FPTP change; stuck in a snowdrift?

hunters-in-the-snow

Hunters in the Snow by Pieter Brueghel the Elder (1565)

The artistry and detail in Peter Brueghel’s masterpiece ‘Hunters in the Snow’ is enough to take your breath away. But the story it depicts is equally intriguing. A group of hunters cross the foreground, heads bowed returning with a very slim catch. Even their line of dogs looks depressed, stooped over with snouts almost dragging the snow.

In the middle ground, though, all the folk are out on the frozen village pond clearly having a great time playing winter games. They seem separate from the harsh reality of the environment, not wanting to acknowledge that they might become very unfortunate victims of it quite soon.

Probably we can all think of examples in modern life where we’ve seen this dynamic at play. 5.5.5 & Counting cannot help wondering whether the political parties in this country who want and need FPTP elections replaced are a bit like the villagers. Take Nigel Farage whose UKIP party laughably gained one seat on the back of nearly 4m votes in 2015. What could possibly be more urgent – more of a priority – than getting the ball rolling for a Brexit-like campaign for electoral reform? Yet off he went to the US to give valuable time and resource to, of all people, Donald Trump.

Now we have a lot of time for the Green Party but what was the point of Caroline Lucas a little while ago seeking a pact with Labour, a party that has never mentioned electoral reform in a manifesto. We have heard no more since. The Greens suffered under FPTP too gaining one seat with just under one million votes. They might be trying to send a strategically placed curling stone down the rink but look again at history. Mainstream interests invariably have the power to swallow up or clear out whatever it suits them to label a marginal interest and without ultimately conceding anything of much worth at all.

The Lib-Dems are a bit of a mystery. We know that as willing capitulators to the no-hope 2011 AV referendum and their subsequent electoral collapse, they must be feeling a little reserved and glum about where to go next. Could they ever admit that had they organised and led a concerted, focussed campaign on an appropriate timeline to get the messages over and over, a bit like Brexit did, the outcome could have been much different.

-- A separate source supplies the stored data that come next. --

(* Let $r>0$ and suppose $d_{jk}-\theta_{jk}=\varepsilon_{jk}/\sqrt n$, where $\varepsilon_{jk}$ has density $(1-\lambda_j)(\sigma\sqrt{2\pi})^{-1}e^{-x^2/(2\sigma^2)}+\lambda_j\mu(x)$ with $\lambda_j\in[0,1]$, $\lambda_j=0$ for $j\le J_0$, and $\mu$ a symmetric density with $\int x^2\mu=\sigma^2$ and finite fourth moment. Then, as $n\to\infty$, uniformly in $j,k$: (i) $E(d_{jk}-\theta_{jk})^{2i}=O(n^{-i})$ for $i=1,2$; (ii) for every $a>0$ and $j<J_0$, $P(\sqrt n|d_{jk}-\theta_{jk}|>a\sqrt{\ln n})=o(n^{-a^2/(2\sigma^2)})$; (iii) $E[(d_{jk}-\theta_{jk})^2I(\sqrt n|d_{jk}-\theta_{jk}|>\varrho(n))]=O(n^{-4r/(2r+1)})$.
   Context: $\varrho_0(n)$ is the unique positive solution of $\int_{\varrho_0(n)}^\infty x^2\mu(x)dx=n^{-2r/(2r+1)}$, and $\varrho(n)=\max\big[\varrho_0(n),\ \sigma\sqrt2\sqrt{2r(2r+1)^{-1}\ln n+0.5\ln\ln n}\big]$. $I(\cdot)$ denotes the indicator function. *)

theory Defs
  imports "HOL-Probability.Probability"
begin

definition mix_density :: "real \<Rightarrow> (real \<Rightarrow> real) \<Rightarrow> real \<Rightarrow> real \<Rightarrow> real" where
  "mix_density \<sigma> \<mu> lam x =
     (1 - lam) * (1 / (\<sigma> * sqrt (2 * pi))) * exp (- (x\<^sup>2) / (2 * \<sigma>\<^sup>2)) + lam * \<mu> x"

definition rho_thr :: "(nat \<Rightarrow> real) \<Rightarrow> real \<Rightarrow> real \<Rightarrow> nat \<Rightarrow> real" where
  "rho_thr rho0 \<sigma> r n = max (rho0 n)
     (\<sigma> * sqrt 2 * sqrt (2 * r / (2 * r + 1) * ln (real n) + 0.5 * ln (ln (real n))))"

end

theory Submission
  imports Defs "HOL-Real_Asymp.Real_Asymp"
begin

(* The noise eps_jk has density (1 - lambda_j) phi_sigma + lambda_j mu, so the expectation of a
   nonnegative function of it is a convex combination of a Gaussian integral and a mu-integral,
   which are bounded separately.
   (i) Both components have finite moments of order 2 and 4.
   (ii) For j < J0 the noise is exactly Gaussian, and the Mills-ratio bound
   P(|eps| > t) <= 2 sigma / (t sqrt(2 pi)) exp(-t^2 / (2 sigma^2)) at t = a sqrt(ln n) is
   n^(-a^2 / (2 sigma^2)) times a prefactor of order 1 / sqrt(ln n).
   (iii) On {|x| > rho} the density phi_sigma is at most sqrt(2r+1) exp(-r rho^2 / ((2r+1) sigma^2))
   times the density of the wider N(0, (2r+1) sigma^2); as rho(n)^2 >= 2 sigma^2 (2r/(2r+1)) ln n,
   that factor is at most n^((1-2r)/(2r+1)). By symmetry of mu and rho(n) >= rho0(n), the mu-part
   is at most 2 n^(-2r/(2r+1)), which is smaller. Dividing by n gives the rate n^(-4r/(2r+1)). *)

lemma mix_density_eq:
  assumes "0 < \<sigma>"
  shows "mix_density \<sigma> \<mu> l x = (1 - l) * normal_density 0 \<sigma> x + l * \<mu> x"
  using assms by (simp add: mix_density_def normal_density_def real_sqrt_mult)

lemma (in prob_space) expectation_mixture_le:
  fixes X :: "'a \<Rightarrow> real" and f h g :: "real \<Rightarrow> real"
  assumes X: "distributed M lborel X (\<lambda>x. ennreal ((1 - l) * f x + l * h x))"
    and l: "0 \<le> l" "l \<le> 1"
    and [measurable]: "f \<in> borel_measurable borel" "h \<in> borel_measurable borel"
      "g \<in> borel_measurable borel"
    and nonneg: "\<And>x. 0 \<le> f x" "\<And>x. 0 \<le> h x" "\<And>x. 0 \<le> g x"
    and A: "(\<integral>\<^sup>+x. ennreal (f x * g x) \<partial>lborel) \<le> ennreal A" "0 \<le> A"
    and B: "(\<integral>\<^sup>+x. ennreal (h x * g x) \<partial>lborel) \<le> ennreal B" "0 \<le> B"
  shows "expectation (\<lambda>\<omega>. g (X \<omega>)) \<le> (1 - l) * A + l * B"
proof -
  have [measurable]: "X \<in> borel_measurable M"
    using distributed_measurable[OF X] by simp
  have split: "ennreal ((1 - l) * f x + l * h x) * ennreal (g x)
      = ennreal (1 - l) * ennreal (f x * g x) + ennreal l * ennreal (h x * g x)" for x
    using l nonneg[of x]
    by (simp add: distrib_right mult.assoc ennreal_mult'[symmetric] ennreal_mult''[symmetric]
        ennreal_plus[symmetric] del: ennreal_plus)
  have "(\<integral>\<^sup>+\<omega>. ennreal (g (X \<omega>)) \<partial>M)
      = (\<integral>\<^sup>+x. ennreal ((1 - l) * f x + l * h x) * ennreal (g x) \<partial>lborel)"
    by (rule distributed_nn_integral[OF X, symmetric]) simp
  also have "\<dots> = ennreal (1 - l) * (\<integral>\<^sup>+x. ennreal (f x * g x) \<partial>lborel)
      + ennreal l * (\<integral>\<^sup>+x. ennreal (h x * g x) \<partial>lborel)"
    unfolding split by (simp add: nn_integral_add nn_integral_cmult)
  also have "\<dots> \<le> ennreal (1 - l) * ennreal A + ennreal l * ennreal B"
    by (intro add_mono mult_left_mono A B) auto
  also have "\<dots> = ennreal ((1 - l) * A + l * B)"
    using l A B by (simp add: ennreal_mult'[symmetric] ennreal_plus[symmetric] del: ennreal_plus)
  finally show ?thesis
    using l A B nonneg by (subst integral_eq_nn_integral) (auto intro: enn2real_leI)
qed

lemma nn_integral_symmetric_tail_le:
  fixes h :: "real \<Rightarrow> ennreal"
  assumes [measurable]: "h \<in> borel_measurable borel" and symmetric: "\<And>x. h (- x) = h x"
  shows "(\<integral>\<^sup>+x. h x * indicator {x. t < \<bar>x\<bar>} x \<partial>lborel)
    \<le> 2 * (\<integral>\<^sup>+x. h x * indicator {t..} x \<partial>lborel)"
proof -
  have reflect: "(\<integral>\<^sup>+x. h x * indicator {t..} (- x) \<partial>lborel) = (\<integral>\<^sup>+x. h x * indicator {t..} x \<partial>lborel)"
    using nn_integral_real_affine[where f = "\<lambda>x. h x * indicator {t..} x" and c = "-1" and t = 0]
    by (simp add: symmetric)
  have "(\<integral>\<^sup>+x. h x * indicator {x. t < \<bar>x\<bar>} x \<partial>lborel)
      \<le> (\<integral>\<^sup>+x. h x * indicator {t..} x + h x * indicator {t..} (- x) \<partial>lborel)"
    by (rule nn_integral_mono) (auto simp: indicator_def)
  also have "\<dots> = 2 * (\<integral>\<^sup>+x. h x * indicator {t..} x \<partial>lborel)"
    by (simp add: nn_integral_add reflect mult_2)
  finally show ?thesis .
qed

lemma normal_density_centered:
  assumes "0 < \<sigma>"
  shows "normal_density 0 \<sigma> x = exp (- x\<^sup>2 / (2 * \<sigma>\<^sup>2)) / (\<sigma> * sqrt (2 * pi))"
  using assms by (simp add: normal_density_def real_sqrt_mult mult.commute)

Once, they would naturally have been at the head of an electoral reform campaign but now we think the leadership focus would have to be elsewhere.

The integrity and consistency of Nicola Sturgeon and the SNP is thus far quite impressive. The one smaller party that did benefit from the FPTP system but still with a manifesto commitment to electoral reform because it is fair to voters. Sustain that and it’s the best and most powerful position of principle to work from. Continual media obsession with a ‘will she/won’t she?’ on a second independence referendum hogs all the attention on politics north of the border. But Sturgeon doesn’t need propping up by FPTP, independent Scotland or not. We think she’d say that if Labour returns 25%, that should translate to something like 25% representation in Holyrood, Westminster or wherever. Simple!

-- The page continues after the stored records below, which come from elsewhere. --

text \<open>The conditional expectation of the functional given the root mark \<open>a = (\<tau>, j)\<close>.\<close>
definition root_conditional :: "'n code \<Rightarrow> real \<Rightarrow> real \<times> 'n \<Rightarrow> real" where
  "root_conditional c t a = (if t < fst a then v c / tailF \<rho> t
     else real (card (mech c)) / \<rho> (fst a) * offspring_prod c (snd a) (t - fst a))"

lemma borel_measurable_offspring_prod [measurable]: "offspring_prod c j \<in> borel_measurable borel"
  unfolding offspring_prod_def prod_list_map_conv_prod_nth by measurable

lemma borel_measurable_root_conditional: "root_conditional c t \<in> borel_measurable mark_distr"
proof -
  have [measurable]: "tailF \<rho> \<in> borel_measurable borel"
    by (rule borel_measurable_tailF) measurable
  have "(\<lambda>a. if t < fst a then v c / tailF \<rho> t
      else real (card (mech c)) / \<rho> (fst a) * offspring_prod c j (t - fst a)) \<in> borel_measurable marks" for j
    by measurable
  moreover have "snd \<in> measurable marks (count_space (UNIV::'n set))"
    by measurable
  ultimately have "(\<lambda>a. (\<lambda>j a. if t < fst a then v c / tailF \<rho> t
      else real (card (mech c)) / \<rho> (fst a) * offspring_prod c j (t - fst a)) (snd a) a) \<in> borel_measurable marks"
    by (rule measurable_compose_countable') auto
  then show ?thesis
    by (simp add: root_conditional_def[abs_def] measurable_cong_sets[OF sets_mark_distr refl])
qed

Rabbits aren’t going to come running out of their cosy warrens into the waiting nets of hunters and there will be sports and fun fairs again on a frozen Thames before turkeys in their hundreds of safe seats in England vote for Christmas. The Other parties must become acutely aware that nothing less than a professionally organised campaign in a Brexit format – a direct and sustained campaign without the lies and deceptions that targets the jugular of the political establishment – is going to shift anything.

The two-party system is being kept artificially afloat thanks to FPTP. Voters need to be given a stake in electoral reform and the critical question at this moment is not a campaign how, why, who, where? It’s when and what on earth is the delay all about? The snow melts away but winter soon comes round again to bite painfully with its harsh reality.